lemma marginal_pmf_of_set_cube:
  assumes "N \<subseteq> {..<k}"
  shows "marginal (pmf_of_set (cube k)) N = unif_on N"
proof -
  have "finite N" using assms finite_subset by blast
  have "PiE_dflt N undefined (\<lambda>_. UNIV) = PiE N (\<lambda>_. UNIV :: bool set)"
    by (auto simp: PiE_dflt_def PiE_def extensional_def)
  with \<open>finite N\<close> have "unif_on N = Pi_pmf N undefined (\<lambda>_. pmf_of_set UNIV)"
    unfolding unif_on_def by (subst Pi_pmf_of_set) auto
  also have "\<dots> = map_pmf (\<lambda>f. restrict f N) (Pi_pmf {..<k} undefined (\<lambda>_. pmf_of_set UNIV))"
    unfolding restrict_def using assms by (intro Pi_pmf_subset) auto
  finally show ?thesis
    unfolding marginal_def pmf_of_set_cube by simp
qed

lemma sets_PiM_count_space_finite:
  assumes "finite K"
  shows "sets (PiM K (\<lambda>_. count_space (UNIV :: 'b :: countable set))) = Pow (PiE K (\<lambda>_. UNIV))"
proof (intro equalityI subsetI)
  fix S assume "S \<in> sets (PiM K (\<lambda>_. count_space (UNIV :: 'b set)))"
  then show "S \<in> Pow (PiE K (\<lambda>_. UNIV))"
    using sets.sets_into_space by (fastforce simp: space_PiM)
next
  fix S assume S: "S \<in> Pow (PiE K (\<lambda>_. UNIV :: 'b set))"
  have "countable S"
    using S countable_PiE[OF assms, of "\<lambda>_. UNIV :: 'b set"] countable_subset by auto
  have "S = (\<Union>w\<in>S. PiE K (\<lambda>i. {w i}))"
  proof (intro equalityI subsetI)
    fix x assume "x \<in> (\<Union>w\<in>S. PiE K (\<lambda>i. {w i}))"
    then obtain w where "w \<in> S" "x \<in> PiE K (\<lambda>i. {w i})" by blast
    moreover from this have "x = w"
      using S by (intro extensionalityI[of _ K]) (auto simp: PiE_iff)
    ultimately show "x \<in> S" by simp
  qed (use S in \<open>auto simp: PiE_iff\<close>)
  also have "\<dots> \<in> sets (PiM K (\<lambda>_. count_space UNIV))"
    using \<open>countable S\<close> assms by (intro sets.countable_UN' sets_PiM_I_finite) auto
  finally show "S \<in> sets (PiM K (\<lambda>_. count_space UNIV))" .
qed

lemma indep_vars_pmf_of_set_cube:
  fixes Y :: "'i \<Rightarrow> (nat \<Rightarrow> bool) \<Rightarrow> 'c :: topological_space"
  assumes "finite I" and K: "\<And>a. a \<in> I \<Longrightarrow> K a \<subseteq> {..<k}" and "disjoint_family_on K I"
    and Y: "\<And>a x y. a \<in> I \<Longrightarrow> (\<And>j. j \<in> K a \<Longrightarrow> x j = y j) \<Longrightarrow> Y a x = Y a y"
  shows "prob_space.indep_vars (measure_pmf (pmf_of_set (cube k))) (\<lambda>_. borel) Y I"
proof -
  let ?M = "measure_pmf (Pi_pmf {..<k} undefined (\<lambda>_. pmf_of_set (UNIV :: bool set)))"
  have "prob_space.indep_vars ?M (\<lambda>_. count_space UNIV) (\<lambda>x f. f x) {..<k}"
    by (rule indep_vars_Pi_pmf) auto
  then have "prob_space.indep_vars ?M (\<lambda>a. PiM (K a) (\<lambda>_. count_space UNIV)) (\<lambda>a x. restrict (\<lambda>i. x i) (K a)) I"
    using K \<open>disjoint_family_on K I\<close> by (intro prob_space.indep_vars_restrict[OF measure_pmf.prob_space_axioms]) auto
  then have "prob_space.indep_vars ?M (\<lambda>_. borel) (\<lambda>a x. Y a (restrict (\<lambda>i. x i) (K a))) I"
  proof (rule prob_space.indep_vars_compose2[OF measure_pmf.prob_space_axioms])
    fix a assume "a \<in> I"
    then have "finite (K a)" using K finite_subset by blast
    then show "Y a \<in> borel_measurable (PiM (K a) (\<lambda>_. count_space UNIV))"
      by (intro measurableI) (auto simp: sets_PiM_count_space_finite space_PiM)
  qed
  moreover have "(\<lambda>x. Y a (restrict (\<lambda>i. x i) (K a))) = Y a" if "a \<in> I" for a
    by (rule ext, rule Y[OF that]) simp
  ultimately have "prob_space.indep_vars ?M (\<lambda>_. borel) Y I"
    by (subst (asm) prob_space.indep_vars_cong[OF measure_pmf.prob_space_axioms]) auto
  then show ?thesis
    unfolding pmf_of_set_cube .
qed

lemma output_eq_if_agree_on_dep_set:
  assumes "x \<in> cube m" "y \<in> cube m" and agree: "\<And>i. i \<in> dep_set m g j \<Longrightarrow> x i = y i"
  shows "g x j = g y j"
proof -
  \<comment> \<open>Move from \<open>x\<close> to \<open>y\<close> one disagreeing bit at a time; no such bit lies in \<open>dep_set m g j\<close>.\<close>
  define D where "D = {i. x i \<noteq> y i}"
  have "finite D"
    using assms(1,2) by (intro finite_subset[of D "{..<m}"]) (auto simp: D_def cube_differ_below)
  moreover have "D \<inter> dep_set m g j = {}"
    using agree by (auto simp: D_def)
  moreover have "{i. x i \<noteq> y i} \<subseteq> D"
    by (simp add: D_def)
  ultimately show ?thesis
    using assms(1)
  proof (induction D arbitrary: x rule: finite_induct)
    case empty
    then show ?case by (simp add: fun_eq_iff)
  next
    case (insert i D)
    show ?case
    proof (cases "x i = y i")
      case True
      with insert show ?thesis by blast
    next
      case False
      have "i < m" using cube_differ_below[OF insert.prems(3) \<open>y \<in> cube m\<close> False] .
      have "i \<notin> dep_set m g j" using insert.prems(1) by blast
      then have "g (x(i := \<not> x i)) j = g x j"
        using \<open>i < m\<close> insert.prems(3) by (auto simp: dep_set_def)
      moreover have "x(i := \<not> x i) = x(i := y i)"
        using False by auto
      moreover have "g (x(i := y i)) j = g y j"
      proof (rule insert.IH)
        show "D \<inter> dep_set m g j = {}" using insert.prems(1) by blast
        show "{i'. (x(i := y i)) i' \<noteq> y i'} \<subseteq> D" using insert.prems(2) by auto
        show "x(i := y i) \<in> cube m" using \<open>i < m\<close> insert.prems(3) by (rule fun_upd_in_cube[rotated])
      qed
      ultimately show ?thesis by simp
    qed
  qed
qed

lemma restrict_nbhd_eq_if_agree_on_nbhd_inputs:
  assumes "x \<in> cube m" "y \<in> cube m" "\<And>j. j \<in> nbhd_inputs m n g i \<Longrightarrow> x j = y j"
  shows "restrict (g x) (nbhd m n g i) = restrict (g y) (nbhd m n g i)"
proof (rule restrict_ext)
  fix j assume "j \<in> nbhd m n g i"
  then have "dep_set m g j \<subseteq> nbhd_inputs m n g i"
    unfolding nbhd_inputs_def by (rule UN_upper)
  then have "x i' = y i'" if "i' \<in> dep_set m g j" for i'
    using assms(3) that by blast
  then show "g x j = g y j"
    by (rule output_eq_if_agree_on_dep_set[OF assms(1,2)])
qed

lemma nbhd_disjoint_if_nbhd_inputs_disjoint:
  assumes "nbhd_inputs m n g i \<inter> nbhd_inputs m n g i' = {}"
  shows "nbhd m n g i \<inter> nbhd m n g i' = {}"
proof (rule ccontr)
  assume "nbhd m n g i \<inter> nbhd m n g i' \<noteq> {}"
  then obtain j where "j \<in> nbhd m n g i" "j \<in> nbhd m n g i'" by blast
  then have "dep_set m g j \<noteq> {}" and "dep_set m g j \<subseteq> nbhd_inputs m n g i \<inter> nbhd_inputs m n g i'"
    by (auto simp: nbhd_def nbhd_inputs_def)
  with assms show False by (simp add: subset_empty)
qed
== == ==
- Required action -
Where in the records above does the word "lemma" appear? Copy each line that holds it.

- Written answer -
lemma marginal_pmf_of_set_cube:
lemma sets_PiM_count_space_finite:
lemma indep_vars_pmf_of_set_cube:
lemma output_eq_if_agree_on_dep_set:
lemma restrict_nbhd_eq_if_agree_on_nbhd_inputs:
lemma nbhd_disjoint_if_nbhd_inputs_disjoint:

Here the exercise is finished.